Brief Title: Evaluation of Plasma Volume Using Ultrasound in Disorders of Fluid With Sodium
Sponsor: Nagaoka Red Cross Hospital
Organization:

Study Overview

Official Title: Evaluation of Plasma Volume Using Ultrasound in Disorders of Fluid With Sodium
Status: UNKNOWN
Status Verified Date: 2012-03
Last Known Status: ACTIVE_NOT_RECRUITING
Delayed Posting: No
If Stopped, Why?: Not Stopped
Has Expanded Access: False
If Expanded Access, NCT#: N/A
Has Expanded Access, NCT# Status: N/A
Acronym: None
Brief Summary: Rossi NF \& Schrier RW reported that for having differential diagnosis in hyponatremic state, it is important to have a grasp of extra cellular fluid (ECF) volume. However, recent works showed that it is not easy to estimate the ECF state using by physical findings and by usual laboratory methods.

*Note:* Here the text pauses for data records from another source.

(* The equation $Pu=0$ has a nonconstant radial solution $u=u(r)$ (on some interval $0<r<R$) if and only if \[ \beta(t)=\frac{\lambda}{a}p(t)-ik_1 \] for some $k_1\in\mathbb{Z}$ and some real-valued $2\pi$-periodic $p$ with $\int_0^{2\pi}p(t)dt=0$. In this case the radial solutions are exactly $u(r)=C_1\log r+C_2$ if $k_1=0$ and $u(r)=C_1r^{2ak_1}+C_2$ if $k_1\neq0$ ($C_1,C_2$ arbitrary real constants); with $B(t)=e^{ik_1t}\exp\big(\frac{\bar\lambda}{a}\int_0^tp(s)ds\big)$, the corresponding $L$-potentials are $w=iC_1B(t)$ when $k_1=0$ and $w=2iak_1C_1r^{2ak_1}B(t)$ when $k_1\ne0$, and (for $C_1\neq 0$) $w$ is a basic solution of $\mathcal{L}$ with character $(2ak_1,k_1)$.
   Context: Fix $a>0$, $b\in\mathbb{R}$, $\lambda=a+ib$, and on $(0,\infty)\times\mathbb{S}^1$ (coordinates $(r,t)$) let $L=\lambda\partial_t-ir\partial_r$, $\bar L=\bar\lambda\partial_t+ir\partial_r$. Let $\beta\in C^m(\mathbb{S}^1,\mathbb{C})$, $m\ge2$, with $\frac{1}{2\pi i}\int_0^{2\pi}\beta(t)dt\in\mathbb{Z}$. Define $P=L\bar L+\bar\lambda\beta(t)L+\lambda\overline{\beta(t)}\bar L$, $B(t)=\exp\int_0^t\overline{\beta(s)}ds$, $c(t)=-\bar\lambda\beta(t)B(t)/\overline{B(t)}$, $\mathcal{L}w=Lw-c(t)\bar w$. The $L$-potential of a real function $u$ is $w=B\bar Lu$. A basic solution of $\mathcal{L}$ is a nontrivial solution of $\mathcal{L}w=0$ on $(0,\infty)\times\mathbb{S}^1$ of the form $r^\sigma\phi(t)+\overline{r^\sigma\psi(t)}$ ($\phi,\psi$ $2\pi$-periodic), written with $|\phi|>|\psi|$ if $\sigma\notin\mathbb{R}$ and as $r^\sigma f$ ($f$ nowhere zero) if $\sigma\in\mathbb{R}$; its character is $(\sigma,\text{winding number of }\phi\text{ (resp. }f))$. *)

theory Defs
  imports "HOL-Analysis.Analysis"
begin

text \<open>Functions on (0,inf) x S^1 are represented as functions of (r,t) on real x real,
  2pi-periodic in t where required.\<close>

definition dR :: "(real \<Rightarrow> real \<Rightarrow> complex) \<Rightarrow> real \<Rightarrow> real \<Rightarrow> complex" where
  "dR w r t = vector_derivative (\<lambda>s. w s t) (at r)"

definition dT :: "(real \<Rightarrow> real \<Rightarrow> complex) \<Rightarrow> real \<Rightarrow> real \<Rightarrow> complex" where
  "dT w r t = vector_derivative (\<lambda>s. w r s) (at t)"

definition Lop :: "complex \<Rightarrow> (real \<Rightarrow> real \<Rightarrow> complex) \<Rightarrow> real \<Rightarrow> real \<Rightarrow> complex" where
  "Lop lam w r t = lam * dT w r t - \<i> * of_real r * dR w r t"

definition Lbarop :: "complex \<Rightarrow> (real \<Rightarrow> real \<Rightarrow> complex) \<Rightarrow> real \<Rightarrow> real \<Rightarrow> complex" where
  "Lbarop lam w r t = cnj lam * dT w r t + \<i> * of_real r * dR w r t"

definition Pop :: "complex \<Rightarrow> (real \<Rightarrow> complex) \<Rightarrow> (real \<Rightarrow> real \<Rightarrow> complex) \<Rightarrow> real \<Rightarrow> real \<Rightarrow> complex" where
  "Pop lam \<beta> w r t = Lop lam (Lbarop lam w) r t + cnj lam * \<beta> t * Lop lam w r t
                     + lam * cnj (\<beta> t) * Lbarop lam w r t"

definition oint :: "real \<Rightarrow> real \<Rightarrow> (real \<Rightarrow> 'a::real_normed_vector) \<Rightarrow> 'a" where
  "oint x y f = (if x \<le> y then integral {x..y} f else - integral {y..x} f)"

fun nth_vderiv :: "nat \<Rightarrow> (real \<Rightarrow> 'a::real_normed_vector) \<Rightarrow> real \<Rightarrow> 'a" where
  "nth_vderiv 0 f = f"
| "nth_vderiv (Suc k) f = (\<lambda>x. vector_derivative (nth_vderiv k f) (at x))"

definition Cm :: "nat \<Rightarrow> (real \<Rightarrow> 'a::real_normed_vector) \<Rightarrow> bool" where
  "Cm m f \<longleftrightarrow> (\<forall>k<m. \<forall>x. nth_vderiv k f differentiable (at x))
               \<and> continuous_on UNIV (nth_vderiv m f)"
lemma srw_exp_norm_moment_le:
  fixes c :: real
  assumes "c \<ge> 0"
  shows "measure_pmf.expectation (srw n) (\<lambda>S :: int ^ 'd. exp (c * norm (real_vec S)))
     \<le> 2 * CARD('d) * exp (CARD('d) * c\<^sup>2 * n)"
proof -
  let ?b = "c * sqrt CARD('d)"
  have "measure_pmf.expectation (srw n) (\<lambda>S :: int ^ 'd. exp (c * norm (real_vec S)))
     \<le> measure_pmf.expectation (srw n)
          (\<lambda>S :: int ^ 'd. \<Sum>j\<in>UNIV. exp (?b * real_of_int (S $ j)) + exp (- ?b * real_of_int (S $ j)))"
    by (intro integral_mono) (use exp_norm_le_sum_exp_nth[OF assms, of "real_vec _"] in auto)
  also have "\<dots> = (\<Sum>j\<in>UNIV. measure_pmf.expectation (srw n) (\<lambda>S :: int ^ 'd. exp (?b * real_of_int (S $ j)))
                   + measure_pmf.expectation (srw n) (\<lambda>S. exp (- ?b * real_of_int (S $ j))))"
    by (simp add: integral_sum integral_add)
  also have "\<dots> \<le> (\<Sum>j\<in>(UNIV :: 'd set). exp (?b\<^sup>2 * n) + exp ((- ?b)\<^sup>2 * n))"
    by (intro sum_mono add_mono srw_mgf_le)
  also have "\<dots> = 2 * CARD('d) * exp (CARD('d) * c\<^sup>2 * n)"
    by (simp add: power_mult_distrib algebra_simps)
  finally show ?thesis .
qed

text \<open>The factor \<open>sqrt n\<close> comes from \<open>r \<le> sqrt n * exp (r / sqrt n)\<close>, which costs only a
  constant factor in the exponential moment.\<close>

lemma srw_norm_exp_norm_moment_le:
  fixes c :: real
  assumes "c \<ge> 0" "n \<ge> 1"
  shows "measure_pmf.expectation (srw n)
           (\<lambda>S :: int ^ 'd. norm (real_vec S) * exp (c * norm (real_vec S)))
     \<le> 2 * CARD('d) * sqrt n * exp (2 * CARD('d) * c\<^sup>2 * n + 2 * CARD('d))"
proof -
  define r where "r = sqrt n"
  have r0: "r > 0"
    using assms by (simp add: r_def)
  have pointwise: "y * exp (c * y) \<le> r * exp ((c + 1 / r) * y)" for y :: real
  proof -
    have "y \<le> r * exp (y / r)"
      using exp_ge_add_one_self[of "y / r"] r0 by (simp add: field_simps)
    then have "y * exp (c * y) \<le> r * exp (y / r) * exp (c * y)"
      by (simp add: mult_right_mono)
    also have "\<dots> = r * exp ((c + 1 / r) * y)"
      by (simp add: exp_add[symmetric] algebra_simps)
    finally show ?thesis .
  qed
  have square: "CARD('d) * (c + 1 / r)\<^sup>2 * n \<le> 2 * CARD('d) * c\<^sup>2 * n + 2 * CARD('d)"
  proof -
    have "(c + 1 / r)\<^sup>2 = 2 * c\<^sup>2 + 2 * (1 / r)\<^sup>2 - (c - 1 / r)\<^sup>2"
      by (simp add: power2_eq_square algebra_simps)
    also have "\<dots> \<le> 2 * c\<^sup>2 + 2 / n"
      using assms by (simp add: r_def power_divide)
    finally have "(c + 1 / r)\<^sup>2 * n \<le> 2 * c\<^sup>2 * n + 2"
      using assms mult_right_mono[of _ _ "real n"] by (fastforce simp: field_simps)
    then show ?thesis
      using mult_left_mono[of _ _ "real CARD('d)"] by (fastforce simp: algebra_simps)
  qed
  have "measure_pmf.expectation (srw n)
           (\<lambda>S :: int ^ 'd. norm (real_vec S) * exp (c * norm (real_vec S)))
      \<le> measure_pmf.expectation (srw n) (\<lambda>S :: int ^ 'd. r * exp ((c + 1 / r) * norm (real_vec S)))"
    by (intro integral_mono pointwise) auto
  also have "\<dots> = r * measure_pmf.expectation (srw n) (\<lambda>S :: int ^ 'd. exp ((c + 1 / r) * norm (real_vec S)))"
    by simp
  also have "\<dots> \<le> r * (2 * CARD('d) * exp (CARD('d) * (c + 1 / r)\<^sup>2 * n))"
    using r0 assms by (intro mult_left_mono srw_exp_norm_moment_le) auto
  also have "\<dots> \<le> r * (2 * CARD('d) * exp (2 * CARD('d) * c\<^sup>2 * n + 2 * CARD('d)))"
    using r0 square by simp
  finally show ?thesis
    by (simp add: r_def mult_ac)
qed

Damaraju SC et al. first demonstrated that measuring central venous pressure (CVP) is significant to evaluate the ECF state in hyponatremic patients with intracranial diseases. Accordingly, it may be useful to measure the CVP in the hyponatremic patients. However, usually it is difficult to measure the CVP in all patients with hyponatremia because that the method is due to invasive procedure. With recently development, it is possible to estimate the CVP calculation using cardiac echogram without invasion. However, it is not clear that an evaluation by using such echogram estimates the state of ECF volume in hyponatremic patients.

Therefore, the investigators examine whether the CVP calculation by using cardiac echogram by Marcelino P et al. method without invasion is estimated such condition in hyponatremic patients before and after treatments.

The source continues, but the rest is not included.